**About this exercise:** Character for character, give back every line below.
::::::::
(* Let $\mathcal{X}=L^p$ for some $p\in\{0,1,\infty\}$, let $\varphi$ be a dynamic LM-measure on $\mathcal{X}$ and let $\mu$ be a projective update rule. If $\varphi$ is $\mu$-acceptance time consistent, then $\varphi$ is weakly acceptance time consistent, i.e. for all $X\in\mathcal{X}$, $s>t$, $m_s\in\bar L^0_s$: $\varphi_s(X)\ge m_s\Rightarrow\varphi_t(X)\ge\operatorname{Essinf}_tm_s$. If $\varphi$ is $\mu$-rejection time consistent, then $\varphi$ is weakly rejection time consistent, i.e. $\varphi_s(X)\le m_s\Rightarrow\varphi_t(X)\le\operatorname{Esssup}_tm_s$ for all such $X,s,t,m_s$.
   Context: Let $(\Omega,\mathcal{F},\{\mathcal{F}_t\}_{t\in\mathbb{T}},P)$ be a filtered probability space, $\mathbb{T}=\{0,\dots,T\}$, $\mathcal{F}_0$ trivial. $\bar L^0_t$ denotes $\mathcal{F}_t$-measurable random variables with values in $[-\infty,\infty]$, $\bar L^0=\bar L^0_T$, $L^p=L^p(\Omega,\mathcal{F}_T,P)$. A dynamic LM-measure is a family $\{\varphi_t\}_{t\in\mathbb{T}}$ of maps $\varphi_t:\mathcal{X}\to\bar L^0_t$ with $1_A\varphi_t(X)=1_A\varphi_t(1_AX)$ for $A\in\mathcal{F}_t$ and $X\le Y\Rightarrow\varphi_t(X)\le\varphi_t(Y)$. An update rule is a family $\{\mu_{t,s}:s>t\}$ of maps $\mu_{t,s}:\bar L^0_s\times\mathcal{X}\to\bar L^0_t$ with $1_A\mu_{t,s}(m,X)=1_A\mu_{t,s}(1_Am,X)$ for $A\in\mathcal{F}_t$ and $m\ge m'\Rightarrow\mu_{t,s}(m,X)\ge\mu_{t,s}(m',X)$; it is projective if there are maps $\mu_t:\bar L^0\to\bar L^0_t$ with $\mu_{t,s}(m,X)=\mu_t(m)$ for all $s>t$, $X$, $m\in\bar L^0_s$, and $\mu_t(m_t)=m_t$ for $m_t\in\bar L^0_t$. $\varphi$ is $\mu$-acceptance (resp. $\mu$-rejection) time consistent if for all $s>t$, $X$, $m_s\in\bar L^0_s$: $\varphi_s(X)\ge m_s\Rightarrow\varphi_t(X)\ge\mu_{t,s}(m_s,X)$ (resp. with $\le$). $\operatorname{Essinf}_t$ on bounded variables: the largest $\mathcal{F}_t$-measurable random variable a.s. dominated by the argument; on $\bar L^0$: $\operatorname{Essinf}_tX:=\lim_n\operatorname{Essinf}_t(X^+\wedge n)-\lim_n\operatorname{Esssup}_t(X^-\wedge n)$, with $\operatorname{Esssup}_tX=-\operatorname{Essinf}_t(-X)$ and convention $\infty-\infty=-\infty$. *)

theory Defs
  imports "HOL-Probability.Probability"
begin

(* Random variables are modelled by representatives; all (in)equalities are P-a.s. *)

definition filtered_setting :: "'a measure \<Rightarrow> (nat \<Rightarrow> 'a measure) \<Rightarrow> nat \<Rightarrow> bool" where
  "filtered_setting M F T \<longleftrightarrow> prob_space M
     \<and> (\<forall>t\<le>T. subalgebra M (F t))
     \<and> (\<forall>s t. s \<le> t \<and> t \<le> T \<longrightarrow> sets (F s) \<subseteq> sets (F t))
     \<and> sets (F 0) = {{}, space M}"

definition L0bar :: "(nat \<Rightarrow> 'a measure) \<Rightarrow> nat \<Rightarrow> ('a \<Rightarrow> ereal) set" where
  "L0bar F t = borel_measurable (F t)"

definition Lp_space :: "'a measure \<Rightarrow> (nat \<Rightarrow> 'a measure) \<Rightarrow> nat \<Rightarrow> ennreal \<Rightarrow> ('a \<Rightarrow> real) set" where
  "Lp_space M F T p = {X. X \<in> borel_measurable (F T)
      \<and> (p = 1 \<longrightarrow> integrable M X)
      \<and> (p = \<infinity> \<longrightarrow> (\<exists>C. AE \<omega> in M. \<bar>X \<omega>\<bar> \<le> C))}"

definition dynamic_LM_measure ::
  "'a measure \<Rightarrow> (nat \<Rightarrow> 'a measure) \<Rightarrow> nat \<Rightarrow> ('a \<Rightarrow> real) set
     \<Rightarrow> (nat \<Rightarrow> ('a \<Rightarrow> real) \<Rightarrow> ('a \<Rightarrow> ereal)) \<Rightarrow> bool" where
  "dynamic_LM_measure M F T \<X> \<phi> \<longleftrightarrow>
     (\<forall>t\<le>T. \<forall>X\<in>\<X>. \<phi> t X \<in> L0bar F t)
   \<and> (\<forall>t\<le>T. \<forall>A\<in>sets (F t). \<forall>X\<in>\<X>.
        AE \<omega> in M. \<omega> \<in> A \<longrightarrow> \<phi> t X \<omega> = \<phi> t (\<lambda>x. if x \<in> A then X x else 0) \<omega>)
   \<and> (\<forall>t\<le>T. \<forall>X\<in>\<X>. \<forall>Y\<in>\<X>. (AE \<omega> in M. X \<omega> \<le> Y \<omega>) \<longrightarrow>
        (AE \<omega> in M. \<phi> t X \<omega> \<le> \<phi> t Y \<omega>))"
::::::::
**Solution:**
(* Let $\mathcal{X}=L^p$ for some $p\in\{0,1,\infty\}$, let $\varphi$ be a dynamic LM-measure on $\mathcal{X}$ and let $\mu$ be a projective update rule. If $\varphi$ is $\mu$-acceptance time consistent, then $\varphi$ is weakly acceptance time consistent, i.e. for all $X\in\mathcal{X}$, $s>t$, $m_s\in\bar L^0_s$: $\varphi_s(X)\ge m_s\Rightarrow\varphi_t(X)\ge\operatorname{Essinf}_tm_s$. If $\varphi$ is $\mu$-rejection time consistent, then $\varphi$ is weakly rejection time consistent, i.e. $\varphi_s(X)\le m_s\Rightarrow\varphi_t(X)\le\operatorname{Esssup}_tm_s$ for all such $X,s,t,m_s$.
   Context: Let $(\Omega,\mathcal{F},\{\mathcal{F}_t\}_{t\in\mathbb{T}},P)$ be a filtered probability space, $\mathbb{T}=\{0,\dots,T\}$, $\mathcal{F}_0$ trivial. $\bar L^0_t$ denotes $\mathcal{F}_t$-measurable random variables with values in $[-\infty,\infty]$, $\bar L^0=\bar L^0_T$, $L^p=L^p(\Omega,\mathcal{F}_T,P)$. A dynamic LM-measure is a family $\{\varphi_t\}_{t\in\mathbb{T}}$ of maps $\varphi_t:\mathcal{X}\to\bar L^0_t$ with $1_A\varphi_t(X)=1_A\varphi_t(1_AX)$ for $A\in\mathcal{F}_t$ and $X\le Y\Rightarrow\varphi_t(X)\le\varphi_t(Y)$. An update rule is a family $\{\mu_{t,s}:s>t\}$ of maps $\mu_{t,s}:\bar L^0_s\times\mathcal{X}\to\bar L^0_t$ with $1_A\mu_{t,s}(m,X)=1_A\mu_{t,s}(1_Am,X)$ for $A\in\mathcal{F}_t$ and $m\ge m'\Rightarrow\mu_{t,s}(m,X)\ge\mu_{t,s}(m',X)$; it is projective if there are maps $\mu_t:\bar L^0\to\bar L^0_t$ with $\mu_{t,s}(m,X)=\mu_t(m)$ for all $s>t$, $X$, $m\in\bar L^0_s$, and $\mu_t(m_t)=m_t$ for $m_t\in\bar L^0_t$. $\varphi$ is $\mu$-acceptance (resp. $\mu$-rejection) time consistent if for all $s>t$, $X$, $m_s\in\bar L^0_s$: $\varphi_s(X)\ge m_s\Rightarrow\varphi_t(X)\ge\mu_{t,s}(m_s,X)$ (resp. with $\le$). $\operatorname{Essinf}_t$ on bounded variables: the largest $\mathcal{F}_t$-measurable random variable a.s. dominated by the argument; on $\bar L^0$: $\operatorname{Essinf}_tX:=\lim_n\operatorname{Essinf}_t(X^+\wedge n)-\lim_n\operatorname{Esssup}_t(X^-\wedge n)$, with $\operatorname{Esssup}_tX=-\operatorname{Essinf}_t(-X)$ and convention $\infty-\infty=-\infty$. *)

theory Defs
  imports "HOL-Probability.Probability"
begin

(* Random variables are modelled by representatives; all (in)equalities are P-a.s. *)

definition filtered_setting :: "'a measure \<Rightarrow> (nat \<Rightarrow> 'a measure) \<Rightarrow> nat \<Rightarrow> bool" where
  "filtered_setting M F T \<longleftrightarrow> prob_space M
     \<and> (\<forall>t\<le>T. subalgebra M (F t))
     \<and> (\<forall>s t. s \<le> t \<and> t \<le> T \<longrightarrow> sets (F s) \<subseteq> sets (F t))
     \<and> sets (F 0) = {{}, space M}"

definition L0bar :: "(nat \<Rightarrow> 'a measure) \<Rightarrow> nat \<Rightarrow> ('a \<Rightarrow> ereal) set" where
  "L0bar F t = borel_measurable (F t)"

definition Lp_space :: "'a measure \<Rightarrow> (nat \<Rightarrow> 'a measure) \<Rightarrow> nat \<Rightarrow> ennreal \<Rightarrow> ('a \<Rightarrow> real) set" where
  "Lp_space M F T p = {X. X \<in> borel_measurable (F T)
      \<and> (p = 1 \<longrightarrow> integrable M X)
      \<and> (p = \<infinity> \<longrightarrow> (\<exists>C. AE \<omega> in M. \<bar>X \<omega>\<bar> \<le> C))}"

definition dynamic_LM_measure ::
  "'a measure \<Rightarrow> (nat \<Rightarrow> 'a measure) \<Rightarrow> nat \<Rightarrow> ('a \<Rightarrow> real) set
     \<Rightarrow> (nat \<Rightarrow> ('a \<Rightarrow> real) \<Rightarrow> ('a \<Rightarrow> ereal)) \<Rightarrow> bool" where
  "dynamic_LM_measure M F T \<X> \<phi> \<longleftrightarrow>
     (\<forall>t\<le>T. \<forall>X\<in>\<X>. \<phi> t X \<in> L0bar F t)
   \<and> (\<forall>t\<le>T. \<forall>A\<in>sets (F t). \<forall>X\<in>\<X>.
        AE \<omega> in M. \<omega> \<in> A \<longrightarrow> \<phi> t X \<omega> = \<phi> t (\<lambda>x. if x \<in> A then X x else 0) \<omega>)
   \<and> (\<forall>t\<le>T. \<forall>X\<in>\<X>. \<forall>Y\<in>\<X>. (AE \<omega> in M. X \<omega> \<le> Y \<omega>) \<longrightarrow>
        (AE \<omega> in M. \<phi> t X \<omega> \<le> \<phi> t Y \<omega>))"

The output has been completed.